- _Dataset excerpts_
· · · · · · ·
theorem AE_uniform_Hn_diff_tendsto_0:
  "AE w in M. (\<lambda>n. SUP th \<in> Theta. ennreal \<bar>Hn g a Y (\<lambda>t th w. eta_lamhat t th w) n th w
    - Hn g a Y (\<lambda>t th w. eta_lam t th w) n th w\<bar>) \<longlonglongrightarrow> 0"
  using AE_trunc_bound_finite
    AE_cesaro_mean_tendsto_0[OF borel_measurable_err_bound err_bound_weighted_sum_finite]
proof eventually_elim
  case (elim w)
  define h where "h = (\<lambda>n. ennreal ((\<Sum>t=1..n. enn2real (err_bound t w)) / real n))"
  have "h \<longlonglongrightarrow> ennreal 0"
    unfolding h_def using elim(2) by (intro tendsto_ennrealI) auto
  then have lim: "h \<longlonglongrightarrow> 0"
    by simp
  have le: "(SUP th \<in> Theta. ennreal \<bar>Hn g a Y (\<lambda>t th w. eta_lamhat t th w) n th w
      - Hn g a Y (\<lambda>t th w. eta_lam t th w) n th w\<bar>) \<le> h n" for n
  proof (rule SUP_least)
    fix th assume "th \<in> Theta"
    with elim show "ennreal \<bar>Hn g a Y (\<lambda>t th w. eta_lamhat t th w) n th w
        - Hn g a Y (\<lambda>t th w. eta_lam t th w) n th w\<bar> \<le> h n"
      unfolding h_def by (intro ennreal_leI abs_Hn_diff_le) auto
  qed
  show ?case
    by (rule tendsto_sandwich[OF _ _ tendsto_const lim]) (simp_all add: le always_eventually)
qed

end
lemma cosh_le_mixture:
  fixes u r \<alpha> s :: real
  assumes "0 \<le> r" "-1 \<le> \<alpha>" "\<alpha> \<le> 1" "0 \<le> s" "s\<^sup>2 \<le> r\<^sup>2 + 2 * r * \<alpha> + 1"
  shows "cosh (u * s) \<le> (1 + \<alpha>) / 2 * cosh (u * (r + 1)) + (1 - \<alpha>) / 2 * cosh (u * (r - 1))"
proof -
  define \<theta> where "\<theta> = (1 + \<alpha>) / 2"
  have \<theta>: "0 \<le> \<theta>" "\<theta> \<le> 1" "1 - \<theta> = (1 - \<alpha>) / 2" using assms(2,3) by (auto simp: \<theta>_def field_simps)
  have mix: "\<theta> * (r + 1)\<^sup>2 + (1 - \<theta>) * (r - 1)\<^sup>2 = r\<^sup>2 + 2 * r * \<alpha> + 1"
    by (simp add: \<theta>_def power2_eq_square field_simps)
  have "s \<le> sqrt (r\<^sup>2 + 2 * r * \<alpha> + 1)"
    using assms(5) real_le_rsqrt by blast
  then have le: "\<bar>u\<bar> * s \<le> \<bar>u\<bar> * sqrt (\<theta> * (r + 1)\<^sup>2 + (1 - \<theta>) * (r - 1)\<^sup>2)"
    unfolding mix by (rule mult_left_mono) simp
  have "0 \<le> \<bar>u\<bar> * s"
    using assms(4) by simp
  with le have "cosh (\<bar>u\<bar> * s) \<le> cosh (\<bar>u\<bar> * sqrt (\<theta> * (r + 1)\<^sup>2 + (1 - \<theta>) * (r - 1)\<^sup>2))"
    by (subst cosh_real_nonneg_le_iff) auto
  then have "cosh (u * s) \<le> cosh (u * sqrt (\<theta> * (r + 1)\<^sup>2 + (1 - \<theta>) * (r - 1)\<^sup>2))"
    by (simp only: cosh_abs_mult)
  also have "\<dots> \<le> \<theta> * cosh (u * sqrt ((r + 1)\<^sup>2)) + (1 - \<theta>) * cosh (u * sqrt ((r - 1)\<^sup>2))"
    using \<theta> by (intro cosh_mult_sqrt_convex_combination_le) auto
  finally have "cosh (u * s) \<le> \<theta> * cosh (u * (r + 1)) + (1 - \<theta>) * cosh (u * (r - 1))"
    by (simp add: cosh_mult_abs)
  then show ?thesis
    unfolding \<theta>(3) by (simp add: \<theta>_def)
qed

definition Beta_centered :: "real \<Rightarrow> real \<Rightarrow> real" where
  "Beta_centered c y = Beta ((c + y) / 2) ((c - y) / 2)"

definition Beta_kernel :: "real \<Rightarrow> real \<Rightarrow> real \<Rightarrow> real" where
  "Beta_kernel c y p = p powr ((c + y) / 2 - 1) * (1 - p) powr ((c - y) / 2 - 1)"

lemma Beta_centered_minus [simp]: "Beta_centered c (- y) = Beta_centered c y"
  by (simp add: Beta_centered_def Beta_commute)

lemma Beta_pos: "0 < a \<Longrightarrow> 0 < b \<Longrightarrow> 0 < Beta a (b :: real)"
  by (simp add: Beta_def Gamma_real_pos)

lemma Beta_centered_pos: "\<bar>y\<bar> < c \<Longrightarrow> 0 < Beta_centered c y"
  unfolding Beta_centered_def by (intro Beta_pos) auto

lemma has_integral_Beta_kernel:
  assumes "\<bar>y\<bar> < c"
  shows "(Beta_kernel c y has_integral Beta_centered c y) {0<..<1}"
  using has_integral_Beta_real[of "(c + y) / 2" "(c - y) / 2"] assms
  unfolding Beta_kernel_def Beta_centered_def by (simp add: has_integral_Icc_iff_Ioo)

lemma Beta_kernel_eq_exp:
  assumes "0 < p" "p < 1"
  shows "Beta_kernel c y p = exp ((c / 2 - 1) * ln (p * (1 - p))) * exp (y * (ln (p / (1 - p)) / 2))"
  using assms by (simp add: Beta_kernel_def powr_def ln_mult ln_div flip: exp_add) (simp add: field_simps)

lemma Beta_kernel_symmetrized:
  assumes "0 < p" "p < 1"
  shows "(Beta_kernel c y p + Beta_kernel c (- y) p) / 2
           = exp ((c / 2 - 1) * ln (p * (1 - p))) * cosh (y * (ln (p / (1 - p)) / 2))"
  using assms by (simp add: Beta_kernel_eq_exp cosh_def field_simps)

lemma Beta_centered_le_mixture:
  fixes c r \<alpha> s :: real
  assumes "0 \<le> r" "r + 1 < c" "-1 \<le> \<alpha>" "\<alpha> \<le> 1" "0 \<le> s" "s\<^sup>2 \<le> r\<^sup>2 + 2 * r * \<alpha> + 1"
  shows "Beta_centered c s \<le> (1 + \<alpha>) / 2 * Beta_centered c (r + 1) + (1 - \<alpha>) / 2 * Beta_centered c (r - 1)"
proof -
  have "s\<^sup>2 \<le> (r + 1)\<^sup>2"
    using assms(1,4,6) mult_left_mono[of \<alpha> 1 r] by (simp add: power2_sum)
  then have "s \<le> r + 1"
    using assms(1) by (auto intro: power2_le_imp_le)
  then have "\<bar>s\<bar> < c" "\<bar>r + 1\<bar> < c" "\<bar>r - 1\<bar> < c"
    using assms(1,2,5) by linarith+
  define K where "K y p = (Beta_kernel c y p + Beta_kernel c (- y) p) / 2" for y p
  have K: "(K y has_integral Beta_centered c y) {0<..<1}" if "\<bar>y\<bar> < c" for y
  proof -
    have "((\<lambda>p. Beta_kernel c y p + Beta_kernel c (- y) p) has_integral
            Beta_centered c y + Beta_centered c (- y)) {0<..<1}"
      using that by (intro has_integral_add has_integral_Beta_kernel) auto
    from has_integral_divide[OF this, of 2] show ?thesis
      unfolding K_def by simp
  qed
  show ?thesis
  proof (rule has_integral_le[OF K])
    show "((\<lambda>p. (1 + \<alpha>) / 2 * K (r + 1) p + (1 - \<alpha>) / 2 * K (r - 1) p) has_integral
            (1 + \<alpha>) / 2 * Beta_centered c (r + 1) + (1 - \<alpha>) / 2 * Beta_centered c (r - 1)) {0<..<1}"
      by (intro has_integral_add has_integral_mult_right K) fact+
    fix p :: real
    assume "p \<in> {0<..<1}"
    define E where "E = exp ((c / 2 - 1) * ln (p * (1 - p)))"
    define L where "L = ln (p / (1 - p)) / 2"
    have KE: "K y p = E * cosh (L * y)" for y
      unfolding K_def E_def L_def using \<open>p \<in> {0<..<1}\<close>
      by (subst Beta_kernel_symmetrized) (auto simp: mult.commute)
    have "E * cosh (L * s) \<le> E * ((1 + \<alpha>) / 2 * cosh (L * (r + 1)) + (1 - \<alpha>) / 2 * cosh (L * (r - 1)))"
      unfolding E_def by (intro mult_left_mono cosh_le_mixture assms) simp
    then show "K s p \<le> (1 + \<alpha>) / 2 * K (r + 1) p + (1 - \<alpha>) / 2 * K (r - 1) p"
      unfolding KE by (simp add: algebra_simps)
  qed fact
qed

lemma Beta_centered_plus_one:
  assumes "\<bar>y\<bar> < c"
  shows "Beta_centered (c + 1) (y + 1) = Beta_centered c y * (c + y) / (2 * c)"
    and "Beta_centered (c + 1) (y - 1) = Beta_centered c y * (c - y) / (2 * c)"
proof -
  define a b where "a = (c + y) / 2" and "b = (c - y) / 2"
  have "0 < a" "0 < b" "a + b = c"
    using assms by (auto simp: a_def b_def field_simps)
  then have "a \<notin> \<int>\<^sub>\<le>\<^sub>0" "b \<notin> \<int>\<^sub>\<le>\<^sub>0" "c \<noteq> 0"
    by (auto elim!: nonpos_Ints_cases)
  then have "Beta (a + 1) b = Beta a b * a / c" "Beta a (b + 1) = Beta a b * b / c"
    using Beta_plus1_left[of a b] Beta_plus1_right[of b a] \<open>a + b = c\<close>
    by (simp_all add: field_simps)
  moreover have "Beta_centered (c + 1) (y + 1) = Beta (a + 1) b"
    "Beta_centered (c + 1) (y - 1) = Beta a (b + 1)" "Beta_centered c y = Beta a b"
    by (simp_all add: Beta_centered_def a_def b_def add_divide_distrib diff_divide_distrib add_ac)
  ultimately show "Beta_centered (c + 1) (y + 1) = Beta_centered c y * (c + y) / (2 * c)"
    and "Beta_centered (c + 1) (y - 1) = Beta_centered c y * (c - y) / (2 * c)"
    by (simp_all add: a_def b_def)
qed

definition kt_pot :: "nat \<Rightarrow> real \<Rightarrow> real" where
  "kt_pot t x = 2 ^ t * Beta_centered (real t + 1) x / Beta (1 / 2) (1 / 2)"

lemma kt_psi_eq_kt_pot: "\<bar>x\<bar> \<le> real t \<Longrightarrow> kt_psi t x = ereal (kt_pot t x)"
  by (simp add: kt_psi_def kt_pot_def Beta_centered_def abs_le_iff algebra_simps)

lemma kt_pot_nonneg: "\<bar>x\<bar> \<le> real t \<Longrightarrow> 0 \<le> kt_pot t x"
  unfolding kt_pot_def using Beta_centered_pos[of x "real t + 1"] Beta_pos[of "1/2" "1/2"] by simp

lemma kt_pot_0: "kt_pot 0 0 = 1"
  unfolding kt_pot_def Beta_centered_def using Beta_pos[of "1/2" "1/2"] by simp

lemma kt_pot_Suc_le:
  assumes "0 \<le> r" "r \<le> real t" "-1 \<le> \<alpha>" "\<alpha> \<le> 1" "0 \<le> s" "s\<^sup>2 \<le> r\<^sup>2 + 2 * r * \<alpha> + 1"
  shows "kt_pot (Suc t) s \<le> kt_pot t r * (1 + \<alpha> * r / (real t + 1))"
proof -
  have "\<bar>r\<bar> < real t + 1"
    using assms(1,2) by simp
  from Beta_centered_plus_one[OF this]
  have step:
    "Beta_centered (real t + 2) (r + 1) = Beta_centered (real t + 1) r * (real t + 1 + r) / (2 * (real t + 1))"
    "Beta_centered (real t + 2) (r - 1) = Beta_centered (real t + 1) r * (real t + 1 - r) / (2 * (real t + 1))"
    by (simp_all add: add.assoc)
  have "Beta_centered (real t + 2) s
          \<le> (1 + \<alpha>) / 2 * Beta_centered (real t + 2) (r + 1) + (1 - \<alpha>) / 2 * Beta_centered (real t + 2) (r - 1)"
    using assms by (intro Beta_centered_le_mixture) auto
  also have "\<dots> = Beta_centered (real t + 1) r * (1 + \<alpha> * r / (real t + 1)) / 2"
  proof -
    have mix: "(1 + \<alpha>) / 2 * (B * (T + r) / (2 * T)) + (1 - \<alpha>) / 2 * (B * (T - r) / (2 * T))
            = B * (1 + \<alpha> * r / T) / 2" if "0 < T" for B T :: real
      using that by (simp add: field_simps)
    show ?thesis
      unfolding step by (rule mix) simp
  qed
  finally have "2 ^ Suc t * Beta_centered (real t + 2) s
                  \<le> 2 ^ Suc t * (Beta_centered (real t + 1) r * (1 + \<alpha> * r / (real t + 1)) / 2)"
    by (rule mult_left_mono) simp
  then have "2 ^ Suc t * Beta_centered (real t + 2) s / Beta (1 / 2) (1 / 2)
               \<le> 2 ^ t * Beta_centered (real t + 1) r * (1 + \<alpha> * r / (real t + 1)) / Beta (1 / 2) (1 / 2)"
    using Beta_pos[of "1/2" "1/2"] by (intro divide_right_mono) simp_all
  moreover have "real (Suc t) + 1 = real t + 2"
    by simp
  ultimately show ?thesis
    unfolding kt_pot_def by (simp only: times_divide_eq_left)
qed

definition kt_Psi_real :: "'v::real_inner list \<Rightarrow> real" where
  "kt_Psi_real a = kt_pot (length a) (norm (sum_list a))"

lemma norm_sum_list_le_length:
  fixes a :: "'v::real_normed_vector list"
  assumes "\<forall>x\<in>set a. norm x \<le> 1"
  shows "norm (sum_list a) \<le> real (length a)"
  using assms
proof (induction a)
  case (Cons x a)
  then show ?case
    using norm_triangle_ineq[of x "sum_list a"] by auto
qed simp

lemma kt_Psi_eq_kt_Psi_real:
  "\<forall>x\<in>set a. norm x \<le> 1 \<Longrightarrow> kt_Psi a = ereal (kt_Psi_real a)"
  unfolding kt_Psi_def kt_Psi_real_def by (simp add: kt_psi_eq_kt_pot norm_sum_list_le_length)

lemma kt_Psi_real_nonneg: "\<forall>x\<in>set a. norm x \<le> 1 \<Longrightarrow> 0 \<le> kt_Psi_real a"
  unfolding kt_Psi_real_def by (simp add: kt_pot_nonneg norm_sum_list_le_length)

lemma kt_Psi_real_Nil [simp]: "kt_Psi_real [] = 1"
  by (simp add: kt_Psi_real_def kt_pot_0)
· · · · · · ·
- _Action item_
Among the entries above, the lines between the ones containing "unfolding kt_pot_def Beta_centered_def" and "(r + 1) = Beta_centered", inclusive, are to be transcribed exactly. No other line is to be given.

- _Response box_
  unfolding kt_pot_def Beta_centered_def using Beta_pos[of "1/2" "1/2"] by simp

lemma kt_pot_Suc_le:
  assumes "0 \<le> r" "r \<le> real t" "-1 \<le> \<alpha>" "\<alpha> \<le> 1" "0 \<le> s" "s\<^sup>2 \<le> r\<^sup>2 + 2 * r * \<alpha> + 1"
  shows "kt_pot (Suc t) s \<le> kt_pot t r * (1 + \<alpha> * r / (real t + 1))"
proof -
  have "\<bar>r\<bar> < real t + 1"
    using assms(1,2) by simp
  from Beta_centered_plus_one[OF this]
  have step:
    "Beta_centered (real t + 2) (r + 1) = Beta_centered (real t + 1) r * (real t + 1 + r) / (2 * (real t + 1))"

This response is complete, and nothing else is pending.